◆ **Task statement**:
Starting from the line that holds "by (metis inverse_unique)", print each remaining line of the entries exactly, ending with the last.

Saved data entries:
════════
lemma modular_function_borel_measurable:
  fixes lam :: "'g::{topological_group_add, second_countable_topology, t2_space} measure"
  assumes lc: "locally_compact_space (euclidean :: 'g topology)" and haar: "left_haar lam"
    and modular: "modular_function lam D"
  shows "D \<in> borel_measurable borel"
proof -
  obtain A where A: "A \<in> sets borel" "0 < emeasure lam A" "emeasure lam A < \<infinity>"
    using left_haar_obtain_positive_finite[OF lc haar] by blast
  have sets_lam: "sets lam = sets borel"
    using haar by (simp add: left_haar_def)
  (* D g = lam (A g) / lam A, and g |-> lam (A g) is measurable by Tonelli's theorem. *)
  define Q where "Q = (\<lambda>p::'g \<times> 'g. snd p + - fst p) -` A"
  have "Q \<in> sets (borel :: ('g \<times> 'g) measure)"
    unfolding Q_def
    by (rule measurable_sets_borel[OF _ A(1)]) (simp add: borel_measurable_continuous_onI continuous_intros)
  moreover have "sets ((borel :: 'g measure) \<Otimes>\<^sub>M lam) = sets (borel \<Otimes>\<^sub>M (borel :: 'g measure))"
    by (rule sets_pair_measure_cong[OF refl sets_lam])
  ultimately have "Q \<in> sets (borel \<Otimes>\<^sub>M lam)"
    by (simp only: borel_prod)
  then have "(\<lambda>g. emeasure lam (Pair g -` Q)) \<in> borel_measurable borel"
    by (rule sigma_finite_measure.measurable_emeasure_Pair[OF left_haar_sigma_finite[OF lc haar]])
  moreover have "Pair g -` Q = (\<lambda>x. x + g) ` A" for g
    unfolding Q_def image_add_right_eq_vimage by auto
  ultimately have "(\<lambda>g. emeasure lam ((\<lambda>x. x + g) ` A)) \<in> borel_measurable borel"
    by simp
  then have "(\<lambda>g. enn2real (emeasure lam ((\<lambda>x. x + g) ` A)) / enn2real (emeasure lam A))
      \<in> borel_measurable borel"
    by (intro borel_measurable_divide borel_measurable_enn2real measurable_const) simp_all
  moreover have "D = (\<lambda>g. enn2real (emeasure lam ((\<lambda>x. x + g) ` A)) / enn2real (emeasure lam A))"
    using modular A by (intro ext) (auto simp: modular_function_def enn2real_mult less_top[symmetric] enn2real_eq_0_iff
        less_imp_le)
  ultimately show ?thesis
    by simp
qed

section \<open>Orbits and their representatives\<close>

context
  fixes act :: "'g::{topological_group_add, second_countable_topology, t2_space} \<Rightarrow> 's \<Rightarrow> 's"
    and M :: "'s measure"
  assumes action: "measurable_action act M"
begin

lemma measurable_action_swap: "(\<lambda>x. act (snd x) (fst x)) \<in> M \<Otimes>\<^sub>M (borel :: 'g measure) \<rightarrow>\<^sub>M M"
proof -
  have "(\<lambda>x. (snd x, fst x)) \<in> M \<Otimes>\<^sub>M (borel :: 'g measure) \<rightarrow>\<^sub>M borel \<Otimes>\<^sub>M M"
    by (intro measurable_Pair measurable_snd measurable_fst)
  moreover have "(\<lambda>(g, s). act g s) \<in> borel \<Otimes>\<^sub>M M \<rightarrow>\<^sub>M M"
    using action by (simp add: measurable_action_def)
  ultimately show ?thesis
    using measurable_compose by fastforce
qed

lemma measurable_action_in_space: "s \<in> space M \<Longrightarrow> act g s \<in> space M"
  using measurable_space[OF measurable_action_swap, of "(s, g)"] by (simp add: space_pair_measure)

lemma orbit_univ_sets:
  assumes lc: "locally_compact_space (euclidean :: 'g topology)"
    and borel_space: "borel_space M" and s: "s \<in> space M"
  shows "orbit act s \<in> univ_sets M"
proof -
  obtain f :: "'s \<Rightarrow> real" and B where "bij_betw f (space M) B" "f \<in> M \<rightarrow>\<^sub>M restrict_space borel B"
    using borel_space unfolding borel_space_def by blast
  then have f_inj: "inj_on f (space M)" and f_meas: "f \<in> borel_measurable M"
    by (simp_all add: bij_betw_imp_inj_on measurable_restrict_space2_iff)
  (* Through the Borel isomorphism f the orbit is the projection of a measurable set. *)
  have "(\<lambda>x. (s, snd x)) \<in> M \<Otimes>\<^sub>M (borel :: 'g measure) \<rightarrow>\<^sub>M M \<Otimes>\<^sub>M borel"
    using s by (intro measurable_Pair measurable_snd measurable_const)
  from measurable_compose[OF this measurable_action_swap]
  have "(\<lambda>x. act (snd x) s) \<in> M \<Otimes>\<^sub>M (borel :: 'g measure) \<rightarrow>\<^sub>M M"
    by simp
  then have "{x \<in> space (M \<Otimes>\<^sub>M borel). f (act (snd x) s) = f (fst x)} \<in> sets (M \<Otimes>\<^sub>M (borel :: 'g measure))"
    using f_meas by (intro measurable_equality_set) (auto intro: measurable_compose)
  then have "{t \<in> space M. \<exists>g. f (act g s) = f t} \<in> univ_sets M"
    by (rule univ_sets_Collect_ex[OF lc])
  moreover have "{t \<in> space M. \<exists>g. f (act g s) = f t} = orbit act s"
    using f_inj measurable_action_in_space[OF s]
    by (auto simp: orbit_def dest: inj_onD)
  ultimately show ?thesis
    by simp
qed

context
  fixes Or :: "'s set"
  assumes reps: "orbit_representatives M act Or"
begin

lemma rep_in_reps:
  assumes "s \<in> space M"
  shows "rep act Or s \<in> Or \<and> rep act Or s \<in> orbit act s"
proof -
  have "\<exists>!r. r \<in> Or \<and> r \<in> orbit act s"
    using reps assms by (simp add: orbit_representatives_def)
  then show ?thesis
    unfolding rep_def by (rule theI')
qed

lemma rep_eq_act:
  assumes s: "s \<in> space M" and g: "act g s \<in> Or"
  shows "rep act Or s = act g s"
proof -
  have "\<exists>!r. r \<in> Or \<and> r \<in> orbit act s"
    using reps s by (simp add: orbit_representatives_def)
  moreover have "act g s \<in> orbit act s"
    by (simp add: orbit_def)
  ultimately show ?thesis
    using rep_in_reps[OF s] g by blast
qed
(* Let $\omega$ be a weight satisfying the standing assumptions below, with monic planar orthogonal polynomials $(p_k)$ satisfying the three-term recurrence $z\,p_k(z)=p_{k+1}(z)+b_kp_k(z)+c_kp_{k-1}(z)$. Then for all integers $p_1,p_2\ge0$ and $N\ge1$: (1) $$M^{\mathbb C}_{p_1,p_2,N}=\sum_{k=0}^{N-1}\sum_{j=k-p_1\wedge p_2}^{k+p_1\wedge p_2}\frac{h_j}{h_k}(A^{p_1})^j_k(A^{p_2})^j_k,$$ and in particular $M^{\mathbb C}_{p,0,N}=\sum_{k=0}^{N-1}(A^p)^k_k$. (2) $$M^{\mathbb H}_{p_1,p_2,N}=\frac12\sum_{k=0}^{N-1}\mathfrak m_{p_1,p_2,k},$$ and in particular, for the holomorphic moments, $$M^{\mathbb H}_{p,0,N}=\frac12M^{\mathbb C}_{p,0,2N}-\frac12\sum_{j=0}^{N-1}\mu_{N,j}(A^p)^{2N}_{2j},$$ where $M^{\mathbb C}_{p,0,2N}$ is the moment of the complex ensemble with the same weight and $2N$ points.
   Context: Let $dA(z)=d^2z/\pi$. For a weight $\omega:\mathbb C\to[0,\infty)$ and $N\ge1$, the complex ensemble is the probability density on $\mathbb C^N$ proportional to $\prod_{j<k}|z_j-z_k|^2\prod_{j=1}^N\omega(z_j)\,dA(z_j)$, and the symplectic ensemble is the probability density proportional to $\prod_{j<k}|z_j-z_k|^2|z_j-\bar z_k|^2\prod_{j=1}^N|z_j-\bar z_j|^2\omega(z_j)\,dA(z_j)$. Spectral moments: $M^{\mathbb C}_{p_1,p_2,N}=\mathbb E^{\mathbb C}_N[\sum_{j=1}^Nz_j^{p_1}\bar z_j^{p_2}]$ and $M^{\mathbb H}_{p_1,p_2,N}=\mathbb E^{\mathbb H}_N[\sum_{j=1}^Nz_j^{p_1}\bar z_j^{p_2}]$, expectations w.r.t. the complex and symplectic ensemble respectively. Standing assumptions: $\omega\,dA$ has finite and real moments $\int z^j\bar z^k\omega\,dA\in\mathbb R$, and the inner product $\langle f,g\rangle=\int_{\mathbb C}f(z)\overline{g(z)}\omega(z)\,dA(z)$ on real polynomials is positive definite, with monic orthogonal polynomials $(p_k)_{k\ge0}$, $\langle p_j,p_k\rangle=h_k\delta_{jk}$; $p_{-1}\equiv0$; moreover $h_{2l+1}-c_{2l+1}h_{2l}\neq0$ for all $l$. Coefficients $(A^p)^j_k$: defined by $z^pp_k(z)=\sum_{j=k-p}^{k+p}(A^p)^j_kp_j(z)$, with $(A^p)^j_k=0$ if $j<0$ or $|j-k|>p$ (so $(A^0)^j_k=\delta_{jk}$). Symplectic quantities: $r_k=2(h_{2k+1}-c_{2k+1}h_{2k})$; $\lambda_l=\frac{h_{2l+2}-c_{2l+2}h_{2l+1}}{h_{2l+1}-c_{2l+1}h_{2l}}$; $\mu_{k,j}=\prod_{l=j}^{k-1}\lambda_l$ (empty product $=1$). Define $(B^p)^{2n+1}_{2k+1}=(A^p)^{2n+1}_{2k+1}$, $(B^p)^{2n}_{2k+1}=(A^p)^{2n}_{2k+1}-\lambda_n(A^p)^{2n+2}_{2k+1}$, $(B^p)^{2n+1}_{2k}=\sum_{j=0}^k\mu_{k,j}(A^p)^{2n+1}_{2j}$, $(B^p)^{2n}_{2k}=\sum_{j=0}^k\mu_{k,j}(A^p)^{2n}_{2j}-\lambda_n\sum_{j=0}^k\mu_{k,j}(A^p)^{2n+2}_{2j}$, and $$\mathfrak m_{p_1,p_2,k}=\sum_{n=k-\lfloor p_1/2\rfloor}^{k+\lfloor p_1/2\rfloor}\tfrac{r_n}{r_k}(B^{p_1})^{2n+1}_{2k+1}(B^{p_2})^{2n}_{2k}+\sum_{n=k-\lfloor p_2/2\rfloor}^{k+\lfloor p_2/2\rfloor}\tfrac{r_n}{r_k}(B^{p_1})^{2n}_{2k}(B^{p_2})^{2n+1}_{2k+1}-\sum_{n=k-\lfloor (p_1+1)/2\rfloor}^{k+\lfloor (p_1+1)/2\rfloor}\tfrac{r_n}{r_k}(B^{p_1})^{2n}_{2k+1}(B^{p_2})^{2n+1}_{2k}-\sum_{n=k-\lfloor (p_2+1)/2\rfloor}^{k+\lfloor (p_2+1)/2\rfloor}\tfrac{r_n}{r_k}(B^{p_1})^{2n+1}_{2k}(B^{p_2})^{2n}_{2k+1},$$ where terms with $n<0$ are omitted. Notation $a\wedge b=\min\{a,b\}$. *)

theory Defs
  imports "HOL-Analysis.Analysis" "HOL-Computational_Algebra.Polynomial"
begin
(* Let $f,g:\mathcal{O}\to\mathcal{F}$ be scaling maps with scaling ratios $q^{\lambda_f}$ and $q^{\lambda_g}$, where $\lambda_f>\lambda_g\ge0$, and let $\tilde f(x)=[f(x)]$, $\tilde g(x)=[g(x)]$. Let $D\subset\mathcal{O}$ be a disk of radius $q^{-\gamma}$ with $0\le\gamma\le\lambda_f-\lambda_g$. Then $$\mu\big(\tilde f^{-1}(D)\cap\tilde g^{-1}(D)\big)=\mathbb{E}\big(1_D\circ\tilde f\cdot 1_D\circ\tilde g\big)=\mu(D)^2,$$ where $\mathbb{E}$ is expectation with respect to the normalized Haar measure $\mu$ on $\mathcal{O}$.
   Context: $\mathcal{F}$ is a non-Archimedean local field with valuation ring $\mathcal{O}$, maximal ideal $\mathfrak{p}$, $q=\#\mathcal{O}/\mathfrak{p}$, normalized absolute value $|\cdot|_\mathfrak{p}$, prime element $\pi$. Fix representatives $C\subset\mathcal{O}$ of $\mathcal{O}/\mathfrak{p}$ with $0\in C$; writing $x=\sum_{n\ge v}c_n\pi^n$ ($c_n\in C$), $[x]=\sum_{n\ge0}c_n\pi^n$. A disk of radius $q^{k}$ is $\{x:|x-a|_\mathfrak{p}\le q^k\}$. A map $f:\Omega\to\mathcal{F}$ is scaling with ratio $q^\lambda$ if $|f(x)-f(y)|_\mathfrak{p}=q^\lambda|x-y|_\mathfrak{p}$ for all $x,y$. $\mu$ is Haar measure with $\mu(\mathcal{O})=1$; $1_D$ is the indicator of $D$. *)

theory Defs
  imports "HOL-Analysis.Analysis"
begin

text \<open>The normalized absolute value is nabs, the residue
  field has q elements, pi is a prime element, C is the fixed set of representatives
  of O/p (with 0 in C).\<close>

definition valring :: "('a::field \<Rightarrow> real) \<Rightarrow> 'a set" where
  "valring nabs = {x. nabs x \<le> 1}"

definition disk :: "('a::field \<Rightarrow> real) \<Rightarrow> nat \<Rightarrow> 'a \<Rightarrow> int \<Rightarrow> 'a set" where
  "disk nabs q a k = {x. nabs (x - a) \<le> real q powi k}"

definition nonarch_local_field ::
  "('a::field \<Rightarrow> real) \<Rightarrow> nat \<Rightarrow> 'a \<Rightarrow> 'a set \<Rightarrow> bool" where
  "nonarch_local_field nabs q \<pi> C \<longleftrightarrow>
     (\<forall>x. nabs x \<ge> 0) \<and> (\<forall>x. nabs x = 0 \<longleftrightarrow> x = 0) \<and>
     (\<forall>x y. nabs (x * y) = nabs x * nabs y) \<and>
     (\<forall>x y. nabs (x + y) \<le> max (nabs x) (nabs y)) \<and>
     (\<forall>x. x \<noteq> 0 \<longrightarrow> (\<exists>k::int. nabs x = real q powi k)) \<and>
     nabs \<pi> = 1 / real q \<and>
     finite C \<and> card C = q \<and> 0 \<in> C \<and> C \<subseteq> valring nabs \<and>
     (\<forall>x\<in>valring nabs. \<exists>!c\<in>C. nabs (x - c) < 1) \<and>
     (\<forall>s::nat \<Rightarrow> 'a. (\<forall>e>0. \<exists>N. \<forall>m\<ge>N. \<forall>n\<ge>N. nabs (s m - s n) < e) \<longrightarrow>
        (\<exists>l. \<forall>e>0. \<exists>N. \<forall>n\<ge>N. nabs (s n - l) < e))"

text \<open>Normalized Haar measure: translation invariant measure on the sigma-algebra
  generated by the disks (= Borel sets), with mu(O) = 1.\<close>

definition haar_normalized ::
  "('a::field \<Rightarrow> real) \<Rightarrow> nat \<Rightarrow> 'a measure \<Rightarrow> bool" where
  "haar_normalized nabs q M \<longleftrightarrow>
     space M = UNIV \<and>
     sets M = sigma_sets UNIV {disk nabs q a k | a k. True} \<and>
     (\<forall>A\<in>sets M. \<forall>a. emeasure M ((\<lambda>x. a + x) ` A) = emeasure M A) \<and>
     emeasure M (valring nabs) = 1"

definition expands ::
  "('a::field \<Rightarrow> real) \<Rightarrow> 'a set \<Rightarrow> 'a \<Rightarrow> (int \<Rightarrow> 'a) \<Rightarrow> int \<Rightarrow> 'a \<Rightarrow> bool" where
  "expands nabs C \<pi> c v x \<longleftrightarrow>
     (\<forall>n. c n \<in> C) \<and> (\<forall>n<v. c n = 0) \<and>
     (\<forall>e>0. \<exists>N0. \<forall>N\<ge>N0. nabs (x - (\<Sum>n\<in>{v..N}. c n * \<pi> powi n)) < e)"

text \<open>[x] = sum_{n>=0} c_n pi^n.\<close>

definition bracket :: "('a::field \<Rightarrow> real) \<Rightarrow> 'a set \<Rightarrow> 'a \<Rightarrow> 'a \<Rightarrow> 'a" where
  "bracket nabs C \<pi> x =
     (THE y. \<exists>c v. expands nabs C \<pi> c v x \<and>
                  expands nabs C \<pi> (\<lambda>n. if n \<ge> 0 then c n else 0) 0 y)"

definition scaling :: "('a::field \<Rightarrow> real) \<Rightarrow> nat \<Rightarrow> 'a set \<Rightarrow> ('a \<Rightarrow> 'a) \<Rightarrow> int \<Rightarrow> bool" where
  "scaling nabs q \<Omega> f lam \<longleftrightarrow>
     (\<forall>x\<in>\<Omega>. \<forall>y\<in>\<Omega>. nabs (f x - f y) = real q powi lam * nabs (x - y))"

end

theory Submission
  imports Defs
begin

text \<open>
  Put N = lg + \<gamma>. Since g stretches distances by q^lg and [y + e] = [y] + e for e \<in> \<O>,
  whether [g x] \<in> D depends only on the disk of radius q^-N around x. On such a disk, and
  in fact on every disk of radius q^-lf, [f x] differs from f x by a constant; f maps the
  q^\<gamma> subdisks of radius q^(-lf-\<gamma>) to pairwise different disks of radius q^-\<gamma> inside
  a disk of radius 1, so by counting exactly one of them is sent into a given such disk.
  Hence [f x] \<in> D on a fraction q^-\<gamma> of each disk of radius q^-N, and the two events
  are independent.
\<close>

lemma sum_int_interval_extend:
  fixes F :: "int \<Rightarrow> 'b::comm_monoid_add"
  assumes "\<And>n. n < v \<Longrightarrow> F n = 0" "w \<le> v"
  shows "(\<Sum>n\<in>{w..N}. F n) = (\<Sum>n\<in>{v..N}. F n)"
  using assms by (intro sum.mono_neutral_right) auto

lemma integral_indicator_pair:
  assumes "\<Omega> \<in> sets M" "{x \<in> \<Omega>. F x \<in> D \<and> G x \<in> D} \<in> sets M"
  shows "(\<integral>x. indicator D (F x) * indicator D (G x) \<partial>(restrict_space M \<Omega>))
    = measure M {x \<in> \<Omega>. F x \<in> D \<and> G x \<in> D}"
proof -
  define S where "S = {x \<in> \<Omega>. F x \<in> D \<and> G x \<in> D}"
  have "(\<integral>x. indicator D (F x) * indicator D (G x) \<partial>(restrict_space M \<Omega>))
      = (\<integral>x. indicator S x \<partial>(restrict_space M \<Omega>) :: real)"
    by (intro Bochner_Integration.integral_cong) (auto simp: S_def indicator_def space_restrict_space)
  also have "\<dots> = measure (restrict_space M \<Omega>) (S \<inter> space (restrict_space M \<Omega>))"
    by (rule Bochner_Integration.integral_indicator)
  also have "S \<inter> space (restrict_space M \<Omega>) = S"
    using sets.sets_into_space[OF assms(2)] by (auto simp: S_def space_restrict_space)
  also have "measure (restrict_space M \<Omega>) S = measure M S"
    using assms(1) by (intro measure_restrict_space) (auto simp: S_def)
  finally show ?thesis
    by (simp add: S_def)
qed

section \<open>The ultrametric absolute value\<close>

locale local_field =
  fixes nabs :: "'a::field \<Rightarrow> real" and q :: nat and \<pi> :: 'a and C :: "'a set"
  assumes local_field: "nonarch_local_field nabs q \<pi> C"
begin

abbreviation Q :: real where "Q \<equiv> real q"
abbreviation \<O> :: "'a set" where "\<O> \<equiv> valring nabs"

lemma nabs_nonneg: "nabs x \<ge> 0"
  and nabs_eq_0_iff [simp]: "nabs x = 0 \<longleftrightarrow> x = 0"
  and nabs_mult: "nabs (x * y) = nabs x * nabs y"
  and nabs_add_le_max: "nabs (x + y) \<le> max (nabs x) (nabs y)"
  and nabs_in_value_group: "x \<noteq> 0 \<Longrightarrow> \<exists>k::int. nabs x = Q powi k"
  and nabs_pi: "nabs \<pi> = 1 / Q"
  and finite_C: "finite C" and card_C: "card C = q" and zero_in_C: "0 \<in> C"
  and C_subset_O: "C \<subseteq> \<O>"
  and residue_rep_unique: "x \<in> \<O> \<Longrightarrow> \<exists>!c\<in>C. nabs (x - c) < 1"
  using local_field unfolding nonarch_local_field_def by auto

lemma mem_O_iff: "x \<in> \<O> \<longleftrightarrow> nabs x \<le> 1"
  by (simp add: valring_def)

lemma nabs_zero [simp]: "nabs 0 = 0"
  by simp

lemma nabs_one [simp]: "nabs 1 = 1"
proof -
  have "nabs 1 * nabs 1 = nabs 1 * 1"
    using nabs_mult[of 1 1] by simp
  then show ?thesis
    by (metis mult_left_cancel nabs_eq_0_iff zero_neq_one)
qed

lemma nabs_inverse: "nabs (inverse x) = inverse (nabs x)"
proof (cases "x = 0")
  case False
  then have "nabs x * nabs (inverse x) = 1"
    by (simp flip: nabs_mult)
  then show ?thesis
    by (metis inverse_unique)
qed simp

lemma nabs_divide: "nabs (x / y) = nabs x / nabs y"
  by (simp add: divide_inverse nabs_mult nabs_inverse)

lemma nabs_power: "nabs (x ^ n) = nabs x ^ n"
  by (induction n) (simp_all add: nabs_mult)

lemma nabs_power_int: "nabs (x powi n) = nabs x powi n"
  by (simp add: power_int_def nabs_power nabs_inverse power_inverse)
════════
◆ **Result**:
    by (metis inverse_unique)
qed simp

lemma nabs_divide: "nabs (x / y) = nabs x / nabs y"
  by (simp add: divide_inverse nabs_mult nabs_inverse)

lemma nabs_power: "nabs (x ^ n) = nabs x ^ n"
  by (induction n) (simp_all add: nabs_mult)

lemma nabs_power_int: "nabs (x powi n) = nabs x powi n"
  by (simp add: power_int_def nabs_power nabs_inverse power_inverse)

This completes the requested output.